Here is where it gets interesting: Bloomberg cites Pentagon officials who acknowledge "that for more than a year they avoided striking tanker trucks to limit civilian casualties. None of these guys are ISIS. We don’t feel right vaporizing them, so we have been watching ISIS oil flowing around for a year,” says Knights. That changed on Nov. 16, when four U.S. attack planes and two gunships destroyed 116 oil trucks.
So any qualms about vaporizing "innocent civilians" promptly disappeared when the Pentagon realized that its 1+ year long campaign had been an epic debacle, that a suddenly surging ISIS was stronger as ever, and most importantly, that its critical revenue lifelines had been largely untouched for years. Perhaps they weren't innocent civilians after all.

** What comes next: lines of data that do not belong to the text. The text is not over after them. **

lemma ex_limit_ln_card_patterns_over_card:
  fixes A :: "nat \<Rightarrow> 'a::finite \<Rightarrow> 'a \<Rightarrow> bool"
  assumes k: "2 \<le> k" and "CARD('a) < 2 * k" and "X = markov_tree_shift k (AAt k A)"
  shows "\<exists>L. (\<lambda>n. ln (card (patterns X (Delta k n))) / card (Delta k n)) \<longlonglongrightarrow> L \<and>
    (\<forall>i<2 * k. (\<lambda>n. ln (card (patterns X (branch k i n))) / card (branch k i n)) \<longlonglongrightarrow> L)"
proof (cases "X = {}")
  case True
  \<comment> \<open>all quotients vanish, as ln 0 = 0 in Isabelle\<close>
  then show ?thesis
    by (intro exI[of _ 0]) (simp add: patterns_def)
next
  case False
  define d where "d = real (2 * k) - 1"
  have d: "d / (d - 1) \<noteq> 0" "\<And>n. d ^ n \<noteq> 0" "real (2 * k) \<noteq> 0"
    using k by (simp_all add: d_def)
  obtain \<beta> where
    stems: "\<And>i. i < 2 * k \<Longrightarrow> (\<lambda>n. ln (card (patterns X (branch k i n))) / d ^ n) \<longlonglongrightarrow> \<beta>" and
    ball: "(\<lambda>n. ln (card (patterns X (Delta k (Suc n)))) / d ^ n) \<longlonglongrightarrow> real (2 * k) * \<beta>"
    using ex_normalized_limits_of_ln_card_patterns[OF assms False, folded d_def] by blast
  have "(\<lambda>n. ln (card (patterns X (Delta k (Suc n)))) / card (Delta k (Suc n)))
      \<longlonglongrightarrow> real (2 * k) * \<beta> / (real (2 * k) * (d / (d - 1)))"
    using tendsto_card_Delta_Suc_normalized[OF k, folded d_def] d
    by (intro tendsto_divide_of_normalized[OF ball]) simp_all
  then have "(\<lambda>n. ln (card (patterns X (Delta k n))) / card (Delta k n)) \<longlonglongrightarrow> \<beta> / (d / (d - 1))"
    unfolding mult_divide_mult_cancel_left[OF d(3)] by (rule LIMSEQ_imp_Suc)
  moreover have "(\<lambda>n. ln (card (patterns X (branch k i n))) / card (branch k i n)) \<longlonglongrightarrow> \<beta> / (d / (d - 1))"
    if "i < 2 * k" for i
    using tendsto_card_branch_normalized[OF k that, folded d_def] d
    by (intro tendsto_divide_of_normalized[OF stems[OF that]]) simp_all
  ultimately show ?thesis
    by blast
qed

theorem proposition4p6:
  fixes k :: nat and A :: "nat \<Rightarrow> 'a::finite \<Rightarrow> 'a \<Rightarrow> bool"
  assumes "k \<ge> 2"
    and "CARD('a) \<le> 2 * k - 1"
  defines "X \<equiv> markov_tree_shift k (AAt k A)"
  shows "\<exists>L. (\<lambda>n. ln (real (npat k X (Delta k n))) / real (card (Delta k n))) \<longlonglongrightarrow> L
           \<and> (\<forall>i<2 * k. ereal L = stem_entropy k X i)"
proof -
  have X: "X = markov_tree_shift k (AAt k A)"
    unfolding X_def ..
  then have npat: "npat k X H = card (patterns X H)" for H
    by (rule npat_eq_card_patterns)
  have "CARD('a) < 2 * k"
    using assms(1,2) by linarith
  then obtain L where ball: "(\<lambda>n. ln (card (patterns X (Delta k n))) / card (Delta k n)) \<longlonglongrightarrow> L"
    and stems: "\<And>i. i < 2 * k \<Longrightarrow> (\<lambda>n. ln (card (patterns X (branch k i n))) / card (branch k i n)) \<longlonglongrightarrow> L"
    using ex_limit_ln_card_patterns_over_card[OF assms(1) _ X] by blast
  have "ereal L = stem_entropy k X i" if "i < 2 * k" for i
    unfolding stem_entropy_def using stems[OF that]
    by (intro lim_imp_Limsup[symmetric]) (auto simp: npat DeltaBar_singleton_eq_branch that intro: tendsto_ereal)
  with ball show ?thesis
    by (auto simp: npat)
qed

It is still unknown if this recent crackdown on "dumping oil", or crude which dramatically lowers the price of oil in global markets - it certainly is an odd coincidence that the price of Brent and WTI began its tumble last fall, just when the Islamic State made its dramatic appearance on the world scene - will have an effect and cut off the primary source of funds to ISIS.
But what we have been wondering for months and what we hope some enterprising journalist will soon answer, is just who are the commodity trading firms that have been so generously buying millions of smuggled oil barrels procured by the Islamic State at massive discounts to market, and then reselling them to other interested parties.

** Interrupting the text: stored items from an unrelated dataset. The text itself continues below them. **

(* (i) For every integer $d\geq 2$ there exist a partition $\mathcal{P}$ of $\mathbb{R}^{d}$ and $M\in(0,\infty)$ such that every $X\in\mathcal{P}$ is Lebesgue measurable with $m(X)<M$, together with a function $\epsilon:\mathbb{R}^{d}\to(0,\infty)$ such that $|\mathcal{N}_{\epsilon(\vec{p})}(\vec{p})|\leq d$ for all $\vec{p}\in\mathbb{R}^{d}$. (ii) For $d=1$: if $\mathcal{P}$ is a partition of $\mathbb{R}$ and $M\in(0,\infty)$ is such that every $X\in\mathcal{P}$ is Lebesgue measurable with $m(X)<M$, then for every function $\epsilon:\mathbb{R}\to(0,\infty)$ there exists $p\in\mathbb{R}$ with $|\mathcal{N}_{\epsilon(p)}(p)|\geq 2$.
   Context: $m$ is Lebesgue measure. On $\mathbb{R}^d$ use $d_{max}(\vec{x},\vec{y})=\max_i|x_i-y_i|$, $\overline{B}_{r}(\vec{p})=\{\vec{x}:d_{max}(\vec{x},\vec{p})\le r\}$ and $\mathcal{N}_{r}(\vec{p})=\{X\in\mathcal{P}: X\cap\overline{B}_{r}(\vec{p})\neq\emptyset\}$. *)

theory Defs
  imports "HOL-Analysis.Analysis" "HOL-Library.Disjoint_Sets"
begin

definition maxball :: "real^'n \<Rightarrow> real \<Rightarrow> (real^'n) set" where
  "maxball p r = {x. \<forall>i. \<bar>x$i - p$i\<bar> \<le> r}"

definition maxball1 :: "real \<Rightarrow> real \<Rightarrow> real set" where
  "maxball1 p r = {x. \<bar>x - p\<bar> \<le> r}"

definition nbhd :: "'a set set \<Rightarrow> 'a set \<Rightarrow> 'a set set" where
  "nbhd P B = {X \<in> P. X \<inter> B \<noteq> {}}"

end

theory Submission
  imports Defs
begin

(* For d >= 2, cut R^d into the shells {x. n <= (2 |x|_inf)^d < n + 1}: each is the difference
   of two centred cubes of volumes n + 1 and n, hence has measure 1, and since the volume
   function (2 |x|_inf)^d is continuous, a small enough ball meets at most two consecutive
   shells, and 2 <= d.
   For d = 1, if some ball around every point met only one member of the partition, every
   member would be open; as R is connected, the partition would be {R}, of infinite measure. *)

definition unit_shell :: "('a \<Rightarrow> real) \<Rightarrow> nat \<Rightarrow> 'a set" where
  "unit_shell f n = f -` {real n..<real n + 1}"

lemma mem_unit_shell_iff: "x \<in> unit_shell f n \<longleftrightarrow> 0 \<le> f x \<and> n = nat \<lfloor>f x\<rfloor>"
  unfolding unit_shell_def by (auto simp: le_nat_iff) linarith+

lemma partition_on_unit_shells:
  assumes "range f = {0..}"
  shows "partition_on UNIV (range (unit_shell f))"
proof (rule partition_onI)
  show "\<Union> (range (unit_shell f)) = UNIV"
  proof safe
    fix x
    have "x \<in> unit_shell f (nat \<lfloor>f x\<rfloor>)" using assms by (auto simp: mem_unit_shell_iff)
    then show "x \<in> \<Union> (range (unit_shell f))" by blast
  qed auto
  show "disjnt X Y" if "X \<in> range (unit_shell f)" "Y \<in> range (unit_shell f)" "X \<noteq> Y" for X Y
    using that by (auto simp: disjnt_def mem_unit_shell_iff)
  have "unit_shell f n \<noteq> {}" for n
  proof -
    obtain x where "f x = real n" using assms by (metis atLeast_iff imageE of_nat_0_le_iff)
    then have "x \<in> unit_shell f n" unfolding unit_shell_def by simp
    then show ?thesis by blast
  qed
  then show "{} \<notin> range (unit_shell f)" by (metis rangeE)
qed

lemma unit_shells_near_point:
  fixes f :: "'a::metric_space \<Rightarrow> real"
  assumes "isCont f p"
  shows "\<exists>e>0. \<exists>k. nbhd (range (unit_shell f)) (ball p e) \<subseteq> unit_shell f ` {k, Suc k}"
proof -
  obtain e where "e > 0" and close: "\<And>x. dist x p < e \<Longrightarrow> \<bar>f x - f p\<bar> < 1/2"
    using assms unfolding continuous_at_eps_delta dist_real_def
    by (metis zero_less_divide_1_iff zero_less_numeral)
  (* the index of a shell meeting the ball lies in the interval (f p - 3/2, f p + 1/2) of length 2 *)
  define k where "k = nat (\<lfloor>f p - 3/2\<rfloor> + 1)"
  have "n = k \<or> n = Suc k" if "x \<in> unit_shell f n" "x \<in> ball p e" for n x
  proof -
    have "real n \<le> f x" "f x < real n + 1" using that(1) unfolding unit_shell_def by auto
    moreover have "\<bar>f x - f p\<bar> < 1/2" using that(2) close by (simp add: dist_commute)
    ultimately show ?thesis unfolding k_def by linarith
  qed
  then have "nbhd (range (unit_shell f)) (ball p e) \<subseteq> unit_shell f ` {k, Suc k}"
    unfolding nbhd_def by blast
  with \<open>e > 0\<close> show ?thesis by blast
qed

lemma unit_shell_measure:
  assumes sets: "\<And>c. 0 \<le> c \<Longrightarrow> {x. f x < c} \<in> sets M"
    and measure: "\<And>c. 0 \<le> c \<Longrightarrow> emeasure M {x. f x < c} = ennreal c"
  shows "unit_shell f n \<in> sets M" and "emeasure M (unit_shell f n) = 1"
proof -
  have shell: "unit_shell f n = {x. f x < real n + 1} - {x. f x < real n}"
    unfolding unit_shell_def by auto
  then show "unit_shell f n \<in> sets M" using sets by auto
  have "emeasure M (unit_shell f n) = ennreal (real n + 1) - ennreal (real n)"
    unfolding shell by (subst emeasure_Diff) (auto simp: sets measure)
  also have "\<dots> = 1" by (subst ennreal_minus) auto
  finally show "emeasure M (unit_shell f n) = 1" .
qed

lemma nbhd_mono: "A \<subseteq> B \<Longrightarrow> nbhd P A \<subseteq> nbhd P B"
  unfolding nbhd_def by blast

definition cube_volume :: "real^'n \<Rightarrow> real" where
  "cube_volume x = (2 * infnorm x) ^ CARD('n)"

lemma infnorm_less_iff_cart: "infnorm (x::real^'n) < a \<longleftrightarrow> (\<forall>i. \<bar>x$i\<bar> < a)"
proof
  show "infnorm x < a \<Longrightarrow> \<forall>i. \<bar>x$i\<bar> < a"
    using component_le_infnorm_cart[of x] by (meson le_less_trans)
  assume "\<forall>i. \<bar>x$i\<bar> < a"
  moreover have "{\<bar>x$i\<bar> |i. i \<in> UNIV} = range (\<lambda>i. \<bar>x$i\<bar>)" by blast
  ultimately show "infnorm x < a"
    unfolding infnorm_cart by (simp add: cSup_eq_Max)
qed

lemma infnorm_const_cart: "0 \<le> t \<Longrightarrow> infnorm ((\<chi> i. t) :: real^'n) = t"
proof -
  assume "0 \<le> t"
  then have "{\<bar>(\<chi> i. t :: real^'n)$i\<bar> |i. i \<in> UNIV} = {t}" by auto
  then show ?thesis unfolding infnorm_cart by simp
qed

lemma range_cube_volume: "range (cube_volume :: real^'n \<Rightarrow> real) = {0..}"
proof safe
  fix c :: real assume "0 \<le> c"
  then have "cube_volume ((\<chi> i. root CARD('n) c / 2) :: real^'n) = c"
    unfolding cube_volume_def by (simp add: infnorm_const_cart)
  then show "c \<in> range (cube_volume :: real^'n \<Rightarrow> real)" by (metis rangeI)
qed (simp add: cube_volume_def infnorm_pos_le)

lemma cube_volume_less_eq_box:
  assumes "0 \<le> c"
  defines "r \<equiv> root CARD('n) c / 2"
  shows "{x::real^'n. cube_volume x < c} = box (\<chi> i. - r) (\<chi> i. r)"
proof -
  have "cube_volume x < c \<longleftrightarrow> infnorm x < r" for x :: "real^'n"
  proof -
    have "cube_volume x < c \<longleftrightarrow> root CARD('n) (cube_volume x) < root CARD('n) c"
      by simp
    also have "root CARD('n) (cube_volume x) = 2 * infnorm x"
      unfolding cube_volume_def by (subst real_root_power_cancel) (auto simp: infnorm_pos_le)
    finally show ?thesis unfolding r_def by linarith
  qed
  then show ?thesis
    by (auto simp: infnorm_less_iff_cart mem_box_cart abs_less_iff minus_less_iff)
qed

lemma sets_cube_volume_less: "0 \<le> c \<Longrightarrow> {x::real^'n. cube_volume x < c} \<in> sets lebesgue"
  by (simp add: cube_volume_less_eq_box)

lemma emeasure_centred_box_cart:
  assumes "0 \<le> r"
  shows "emeasure lebesgue (box (\<chi> i. - r) (\<chi> i. r) :: (real^'n) set) = ennreal ((2 * r) ^ CARD('n))"
proof -
  have inner_const: "(\<chi> i. t :: real^'n) \<bullet> b = t" if "b \<in> Basis" for t b
    using that by (auto simp: Basis_vec_def inner_axis)
  have "emeasure lborel (box (\<chi> i. - r) (\<chi> i. r) :: (real^'n) set)
      = ennreal (\<Prod>b\<in>(Basis :: (real^'n) set). 2 * r)"
    using assms by (subst emeasure_lborel_box) (auto simp: inner_diff_left inner_const)
  then show ?thesis by simp
qed

lemma emeasure_cube_volume_less:
  assumes "0 \<le> c"
  shows "emeasure lebesgue {x::real^'n. cube_volume x < c} = ennreal c"
proof -
  have "(2 * (root CARD('n) c / 2)) ^ CARD('n) = c" using assms by simp
  then show ?thesis
    using assms by (simp only: cube_volume_less_eq_box emeasure_centred_box_cart real_root_ge_zero
        divide_nonneg_pos zero_less_numeral)
qed

lemma maxball_subset_cball: "maxball (p::real^'n) r \<subseteq> cball p (real CARD('n) * r)"
proof
  fix x assume "x \<in> maxball p r"
  then have "\<bar>(p - x)$i\<bar> \<le> r" for i unfolding maxball_def by (simp add: abs_minus_commute)
  then have "norm (p - x) \<le> CARD('n) * r"
    using norm_le_l1_cart[of "p - x"] sum_bounded_above[of UNIV "\<lambda>i. \<bar>(p - x)$i\<bar>" r] by simp
  then show "x \<in> cball p (real CARD('n) * r)" by (simp add: dist_norm)
qed

lemma cube_volume_shells_locally_two:
  "\<exists>\<epsilon>. (\<forall>p. 0 < \<epsilon> p) \<and>
     (\<forall>p::real^'n. finite (nbhd (range (unit_shell cube_volume)) (maxball p (\<epsilon> p))) \<and>
        card (nbhd (range (unit_shell cube_volume)) (maxball p (\<epsilon> p))) \<le> 2)"
proof -
  let ?shell = "unit_shell (cube_volume :: real^'n \<Rightarrow> real)"
  have "\<exists>r>0. finite (nbhd (range ?shell) (maxball p r)) \<and> card (nbhd (range ?shell) (maxball p r)) \<le> 2"
    for p :: "real^'n"
  proof -
    have "isCont cube_volume p" unfolding cube_volume_def by (intro continuous_intros)
    then obtain e k where "e > 0" and near: "nbhd (range ?shell) (ball p e) \<subseteq> ?shell ` {k, Suc k}"
      using unit_shells_near_point by blast
    define r where "r = e / (2 * real CARD('n))"
    have "maxball p r \<subseteq> cball p (e / 2)"
      using maxball_subset_cball[of p r] by (simp add: r_def)
    also have "\<dots> \<subseteq> ball p e" using \<open>e > 0\<close> by (simp add: subset_eq)
    finally have sub: "nbhd (range ?shell) (maxball p r) \<subseteq> ?shell ` {k, Suc k}"
      using near nbhd_mono by blast
    have "card (?shell ` {k, Suc k}) \<le> 2"
      using card_image_le[of "{k, Suc k}" ?shell] by (simp add: numeral_2_eq_2)
    moreover have "card (nbhd (range ?shell) (maxball p r)) \<le> card (?shell ` {k, Suc k})"
      using sub by (intro card_mono) auto
    moreover have "finite (nbhd (range ?shell) (maxball p r))"
      using sub by (rule finite_subset) simp
    moreover have "r > 0" using \<open>e > 0\<close> by (simp add: r_def)
    ultimately show ?thesis by (meson order_trans)
  qed
  then show ?thesis by metis
qed

lemma exists_partition_unit_measure_locally_two:
  "\<exists>(P :: (real^'n) set set) (M::real) (\<epsilon> :: real^'n \<Rightarrow> real).
     partition_on UNIV P \<and> 0 < M \<and>
     (\<forall>X\<in>P. X \<in> sets lebesgue \<and> emeasure lebesgue X < ennreal M) \<and>
     (\<forall>p. \<epsilon> p > 0) \<and>
     (\<forall>p. finite (nbhd P (maxball p (\<epsilon> p))) \<and> card (nbhd P (maxball p (\<epsilon> p))) \<le> 2)"
proof -
  let ?P = "range (unit_shell (cube_volume :: real^'n \<Rightarrow> real))"
  have "partition_on UNIV ?P" by (rule partition_on_unit_shells[OF range_cube_volume])
  moreover have "\<forall>X\<in>?P. X \<in> sets lebesgue \<and> emeasure lebesgue X < ennreal 2"
  proof
    fix X assume "X \<in> ?P"
    then obtain n where "X = unit_shell cube_volume n" by blast
    then show "X \<in> sets lebesgue \<and> emeasure lebesgue X < ennreal 2"
      using unit_shell_measure[OF sets_cube_volume_less[where 'n='n] emeasure_cube_volume_less[where 'n='n], of n]
      by simp
  qed
  moreover have "(0::real) < 2" by simp
  ultimately show ?thesis
    using cube_volume_shells_locally_two[where 'n='n] by blast
qed

lemma maxball1_eq_cball: "maxball1 p r = cball p r"
  by (auto simp: maxball1_def dist_real_def abs_minus_commute)

lemma partition_member_open_if_locally_single:
  fixes P :: "'a::metric_space set set"
  assumes P: "partition_on UNIV P" and "X \<in> P"
    and pos: "\<And>p. 0 < \<epsilon> p"
    and single: "\<And>p. finite (nbhd P (cball p (\<epsilon> p))) \<and> card (nbhd P (cball p (\<epsilon> p))) \<le> 1"
  shows "open X"
  unfolding open_contains_ball
proof
  fix p assume "p \<in> X"
  have "ball p (\<epsilon> p) \<subseteq> X"
  proof
    fix y assume "y \<in> ball p (\<epsilon> p)"
    obtain Y where "Y \<in> P" "y \<in> Y" using partition_onD1[OF P] by blast
    have "X \<in> nbhd P (cball p (\<epsilon> p))"
      using \<open>X \<in> P\<close> \<open>p \<in> X\<close> pos[of p] unfolding nbhd_def by fastforce
    moreover have "Y \<in> nbhd P (cball p (\<epsilon> p))"
      using \<open>Y \<in> P\<close> \<open>y \<in> Y\<close> \<open>y \<in> ball p (\<epsilon> p)\<close> unfolding nbhd_def by fastforce
    ultimately have "X = Y" using single[of p] by (metis card_le_Suc0_iff_eq One_nat_def)
    then show "y \<in> X" using \<open>y \<in> Y\<close> by simp
  qed
  then show "\<exists>e>0. ball p e \<subseteq> X" using pos by blast
qed

lemma partition_on_connected_open_eq_UNIV:
  fixes P :: "'a::topological_space set set"
  assumes "connected (UNIV :: 'a set)" and P: "partition_on UNIV P"
    and "\<And>Y. Y \<in> P \<Longrightarrow> open Y" and "X \<in> P"
  shows "X = UNIV"
proof -
  let ?rest = "\<Union>(P - {X})"
  have "open X" "open ?rest" using assms by auto
  moreover have "X \<inter> ?rest = {}"
    using partition_onD2[OF P] \<open>X \<in> P\<close> by (auto simp: disjoint_def)
  moreover have "X \<union> ?rest = UNIV" using partition_onD1[OF P] by blast
  moreover have "X \<noteq> {}" using partition_onD3[OF P] \<open>X \<in> P\<close> by blast
  ultimately have "?rest = {}" using connectedD[OF assms(1) \<open>open X\<close> \<open>open ?rest\<close>] by auto
  then show "X = UNIV" using \<open>X \<union> ?rest = UNIV\<close> by blast
qed

lemma partition_of_real_line_not_locally_single:
  fixes P :: "real set set"
  assumes P: "partition_on UNIV P"
    and bounded: "\<forall>X\<in>P. X \<in> sets lebesgue \<and> emeasure lebesgue X < ennreal M"
    and pos: "\<forall>p. 0 < \<epsilon> p"
  shows "\<exists>p. infinite (nbhd P (maxball1 p (\<epsilon> p))) \<or> card (nbhd P (maxball1 p (\<epsilon> p))) \<ge> 2"
proof (rule ccontr)
  assume "\<not> ?thesis"
  then have single: "finite (nbhd P (cball p (\<epsilon> p))) \<and> card (nbhd P (cball p (\<epsilon> p))) \<le> 1" for p
    by (metis maxball1_eq_cball One_nat_def Suc_1 not_less_eq_eq)
  have "open X" if "X \<in> P" for X
    using partition_member_open_if_locally_single[OF P that] pos single by blast
  moreover obtain X where "X \<in> P" using partition_onD1[OF P] by blast
  ultimately have "X = UNIV" using partition_on_connected_open_eq_UNIV[OF connected_UNIV P] by blast
  have "emeasure lebesgue X < ennreal M" using bounded \<open>X \<in> P\<close> by blast
  also have "\<dots> < \<infinity>" by simp
  finally show False using \<open>X = UNIV\<close> by simp
qed

theorem mainTheorem16:
  assumes "CARD('n::finite) \<ge> 2"
  shows "(\<exists>(P :: (real^'n) set set) (M::real) (\<epsilon> :: real^'n \<Rightarrow> real).
            partition_on UNIV P \<and> 0 < M \<and>
            (\<forall>X\<in>P. X \<in> sets lebesgue \<and> emeasure lebesgue X < ennreal M) \<and>
            (\<forall>p. \<epsilon> p > 0) \<and>
            (\<forall>p. finite (nbhd P (maxball p (\<epsilon> p))) \<and>
                 card (nbhd P (maxball p (\<epsilon> p))) \<le> CARD('n)))
       \<and> (\<forall>(P :: real set set) (M::real).
            partition_on UNIV P \<and> 0 < M \<and>
            (\<forall>X\<in>P. X \<in> sets lebesgue \<and> emeasure lebesgue X < ennreal M) \<longrightarrow>
            (\<forall>\<epsilon> :: real \<Rightarrow> real. (\<forall>p. \<epsilon> p > 0) \<longrightarrow>
               (\<exists>p. infinite (nbhd P (maxball1 p (\<epsilon> p))) \<or>
                    card (nbhd P (maxball1 p (\<epsilon> p))) \<ge> 2)))"
proof (intro conjI allI impI, goal_cases)
  case 1
  show ?case using exists_partition_unit_measure_locally_two order_trans[OF _ assms] by blast
next
  case 2
  then show ?case using partition_of_real_line_not_locally_single by blast
qed

end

In other words, who are the middlemen.
What we do know is who they may be: they are the same names that were quite prominent in the market in September when Glencore had its first, and certainly not last, near death experience: the Glencores, the Vitols, the Trafiguras, the Nobels, the Mercurias of the world.
To be sure, funding terrorist states is not something that some of the most prominent names in the list above have shied away from in the past.
Which one (or ones) are the guilty parties - those who have openly breached terrorism funding laws - we don't know: it may be one, or more of the above, or someone totally different.
At this point, however, three things are certain: whoever the commodity trading house may be that is paying ISIS-affiliated "innocent civilians" hundreds of millions of dollars for their products, they are perfect aware just who the source of this deeply discounted crude is. Crude so deeply discounted, in fact, it results in massive profits for the enterprising middleman who are engaging in openly criminal transactions.
The second certainty: whoever said middleman is, it is very well known to US intelligence services such as the NSA and CIA, and thus to the Pentagon, and thus, the US government.
The third certainty is that while the US, and Russia, and now France, are all very theatrically bombing something in the Syrian desert (nobody really knows what), the funding of ISIS continues unabated as someone keeps buying ISIS oil.
We wonder how long until someone finally asks the all important question regarding the Islamic State: who is the commodity trader breaching every known law of funding terrorism when buying ISIS crude, almost certainly with the tacit approval by various "western alliance" governments, and why is it that these governments have allowed said middleman to continue funding ISIS for as long as it has?